Los pocos pasos que daba complicaban las cosas, todo comenzaba a darme vueltas, el encargado rió de mi deplorable estado y murmuró algo así como , durante mis dos años en este país nunca me había embriagado de tal manera; como todo un caballero Jasper se tomó la molestia de abrir la puerta de copiloto, esperar a que me ubicara, luego se inclinó un poco para abrochar mi cinturón antes que sacara su cuerpo del auto lo aprehendí de su camisa y lo acerqué a mis labios, un beso fiero fue lo que pedí y lo que obtuve; sus labios correspondieron a mi furia, cuando el aire se hizo necesario nos separamos

-Yo también te quiero- dije cerca de su oído.

Segundos después conducía por las calles de Florencia, ¿a dónde íbamos?, mis ojos poco a poco se sumieron en los brazos de Morfeo, lo siguiente que recuerdo es despertar en una cama que no era mía, me removí incómoda y tratando de desenredar mis piernas de la sábanas, mi cabeza podría estallar en cualquier momento.

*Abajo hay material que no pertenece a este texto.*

(* Fix $p\in(\tfrac12,1)$ and let $\{B_n\}_{n\ge1}$ be a sequence with $B_n\in\{1,\dots,n\}$ and $\lim_{n\to\infty}B_n/n=q$ for some $q\in[0,1]$. Then $$\lim_{n\to\infty}\lambda(B_n,n)=\begin{cases}0 & \text{if } q\le 1-p,\\ \dfrac{q-(1-p)}{p} & \text{otherwise.}\end{cases}$$
   Context: The crowdfunding game $\Gamma(B,n)$ with parameter $p\in(\tfrac12,1)$: there are $n$ players and a threshold $B\in\{1,\dots,n\}$. A state $\omega\in\{H,L\}$ is drawn with probability $\tfrac12$ each. Conditional on $\omega$, each player $i$ independently receives a signal $s_i\in\{H,L\}$ with $\Pr(s_i=\omega\mid\omega)=p$. Players simultaneously choose $a_i\in\{0,1\}$. Player $i$'s payoff is $1$ if $a_i=1$, $\sum_j a_j\ge B$ and $\omega=H$; $-1$ if $a_i=1$, $\sum_j a_j\ge B$ and $\omega=L$; and $0$ otherwise. A strategy is a map $\sigma_i:\{H,L\}\to[0,1]$ giving the probability of action $1$ after each signal; Bayes-Nash equilibrium is defined as usual. A profile is non-trivial if $\Pr_\sigma(\sum_i a_i\ge B)>0$, and symmetric if all players use the same strategy. It is known that each $\Gamma(B,n)$ has a unique symmetric non-trivial Bayes-Nash equilibrium, and in it every player plays $1$ with probability $1$ after signal $H$ and plays $1$ with probability $\lambda(B,n)\in[0,1)$ after signal $L$; this defines $\lambda(B,n)$. *)

theory Defs
  imports "HOL-Analysis.Analysis"
begin

(* Crowdfunding game Gamma(B,n) with signal precision p.
   Encoding: states and signals are bool, True = H, False = L. A strategy profile is sg :: nat => bool => real,
   sg i s = probability that player i plays action 1 after signal s. *)

definition strat :: "(bool \<Rightarrow> real) \<Rightarrow> bool" where
  "strat f \<longleftrightarrow> (\<forall>s. 0 \<le> f s \<and> f s \<le> 1)"

definition cf_prob :: "real \<Rightarrow> nat \<Rightarrow> (nat \<Rightarrow> bool \<Rightarrow> real) \<Rightarrow> bool \<Rightarrow> (nat \<Rightarrow> bool) \<Rightarrow> (nat \<Rightarrow> bool) \<Rightarrow> real" where
  "cf_prob p n sg w s a =
     (1/2) * (\<Prod>i<n. if s i = w then p else 1 - p)
           * (\<Prod>i<n. if a i then sg i (s i) else 1 - sg i (s i))"

definition cf_payoff :: "nat \<Rightarrow> nat \<Rightarrow> nat \<Rightarrow> bool \<Rightarrow> (nat \<Rightarrow> bool) \<Rightarrow> real" where
  "cf_payoff B n i w a =
     (if a i \<and> B \<le> card {j\<in>{..<n}. a j} then (if w then 1 else -1) else 0)"

definition profiles :: "nat \<Rightarrow> (nat \<Rightarrow> bool) set" where
  "profiles n = PiE {..<n} (\<lambda>_. UNIV)"

definition cf_EU :: "real \<Rightarrow> nat \<Rightarrow> nat \<Rightarrow> (nat \<Rightarrow> bool \<Rightarrow> real) \<Rightarrow> nat \<Rightarrow> real" where
  "cf_EU p B n sg i =
     (\<Sum>w\<in>UNIV. \<Sum>s\<in>profiles n. \<Sum>a\<in>profiles n.
        cf_prob p n sg w s a * cf_payoff B n i w a)"

definition cf_BNE :: "real \<Rightarrow> nat \<Rightarrow> nat \<Rightarrow> (nat \<Rightarrow> bool \<Rightarrow> real) \<Rightarrow> bool" where
  "cf_BNE p B n sg \<longleftrightarrow>
     (\<forall>i<n. strat (sg i)) \<and>
     (\<forall>i<n. \<forall>t. strat t \<longrightarrow> cf_EU p B n (sg(i := t)) i \<le> cf_EU p B n sg i)"

definition cf_nontrivial :: "real \<Rightarrow> nat \<Rightarrow> nat \<Rightarrow> (nat \<Rightarrow> bool \<Rightarrow> real) \<Rightarrow> bool" where
  "cf_nontrivial p B n sg \<longleftrightarrow>
     (\<Sum>w\<in>UNIV. \<Sum>s\<in>profiles n. \<Sum>a\<in>{a\<in>profiles n. B \<le> card {j\<in>{..<n}. a j}}.
        cf_prob p n sg w s a) > 0"

definition sym_nt_BNE :: "real \<Rightarrow> nat \<Rightarrow> nat \<Rightarrow> (bool \<Rightarrow> real) \<Rightarrow> bool" where
  "sym_nt_BNE p B n f \<longleftrightarrow>
     cf_BNE p B n (\<lambda>_. f) \<and> cf_nontrivial p B n (\<lambda>_. f)"

(* lambda(B,n): probability of action 1 after signal L in the (unique)
   symmetric non-trivial BNE *)
definition cf_lambda :: "real \<Rightarrow> nat \<Rightarrow> nat \<Rightarrow> real" where
  "cf_lambda p B n = (THE f. sym_nt_BNE p B n f) False"

end

(*
  In a symmetric non-trivial equilibrium every player contributes after signal H, and the
  probability b of contributing after L is pinned down by the sign of the gain from contributing
  after L, (1 - p) Q(p + (1 - p) b) - p Q(1 - p + p b), where Q(r) is the probability that at least
  B - 1 of the other n - 1 players contribute when each does so with probability r.
  Log-concavity of the binomial tail Q makes this gain change sign at most once, which gives
  uniqueness. For large n, Hoeffding's inequality turns Q(r) into the indicator of r > q, so in
  the limit the contribution probability in state L, 1 - p + p b, must equal q, i.e.
  b -> (q - (1 - p))/p, unless even b = 0 overshoots q. When q = 1 both tails vanish, and a
  likelihood-ratio bound on Q(1 - p + p b) / Q(p + (1 - p) b) takes the place of Hoeffding.
*)
theory Submission
  imports Defs "HOL-Probability.Hoeffding"
begin

section \<open>Binomial tails\<close>

definition binomial_tail :: "nat \<Rightarrow> nat \<Rightarrow> real \<Rightarrow> real" where
  "binomial_tail m k r = (\<Sum>j=k..m. real (m choose j) * r^j * (1-r)^(m-j))"

lemma binomial_tail_eq_prob:
  assumes "0 \<le> r" "r \<le> 1"
  shows "binomial_tail m k r = measure_pmf.prob (binomial_pmf m r) {x. k \<le> x}"
proof -
  have "measure_pmf.prob (binomial_pmf m r) {x. k \<le> x} = measure_pmf.prob (binomial_pmf m r) {k..m}"
    by (rule measure_prob_cong_0) (use assms in auto)
  also have "\<dots> = (\<Sum>j\<in>{k..m}. pmf (binomial_pmf m r) j)"
    by (rule measure_measure_pmf_finite) simp
  finally show ?thesis
    unfolding binomial_tail_def using assms by simp
qed

lemma binomial_tail_nonneg: "0 \<le> r \<Longrightarrow> r \<le> 1 \<Longrightarrow> 0 \<le> binomial_tail m k r"
  by (simp add: binomial_tail_eq_prob)

lemma binomial_tail_le_1: "0 \<le> r \<Longrightarrow> r \<le> 1 \<Longrightarrow> binomial_tail m k r \<le> 1"
  by (simp add: binomial_tail_eq_prob)

lemma binomial_tail_0 [simp]: "binomial_tail m 0 r = 1"
proof -
  have "binomial_tail m 0 r = (\<Sum>j\<le>m. real (m choose j) * r^j * (1-r)^(m-j))"
    unfolding binomial_tail_def by (rule sum.cong) auto
  also have "\<dots> = (r + (1-r))^m"
    by (rule binomial_ring[symmetric])
  finally show ?thesis by simp
qed

lemma binomial_tail_at_0: "1 \<le> k \<Longrightarrow> binomial_tail m k 0 = 0"
  unfolding binomial_tail_def by (intro sum.neutral) auto

lemma binomial_tail_at_1:
  assumes "k \<le> m"
  shows "binomial_tail m k 1 = 1"
proof -
  have "binomial_tail m k 1 = (\<Sum>j\<in>{k..m}. if j = m then 1 else 0)"
    unfolding binomial_tail_def by (rule sum.cong) auto
  with assms show ?thesis by simp
qed

lemma binomial_tail_pos:
  assumes "k \<le> m" "0 < r" "r \<le> 1"
  shows "0 < binomial_tail m k r"
proof -
  have "0 < real (m choose m) * r^m * (1-r)^(m-m)"
    using assms by simp
  also have "\<dots> \<le> binomial_tail m k r"
    unfolding binomial_tail_def by (rule member_le_sum) (use assms in auto)
  finally show ?thesis .
qed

Pasé varios minutos tratando de identificar donde me hallaba, el techo era blanco, el de mi casa es de madera; mire las paredes verde claro, las mías Calipso y Morado; cama doble, la mía también; tendidos blancos, los míos verdes como sus hermosos ojos “vaya conclusión, estaba jodida si siempre buscaba algo que me lo recordara”

Intenté levantarme pero fallé, la cabeza me dio vueltas y caí nuevamente en las almohadas

-Me duele la cabeza- me quejé creyendo estar sola-¿Y dónde estoy?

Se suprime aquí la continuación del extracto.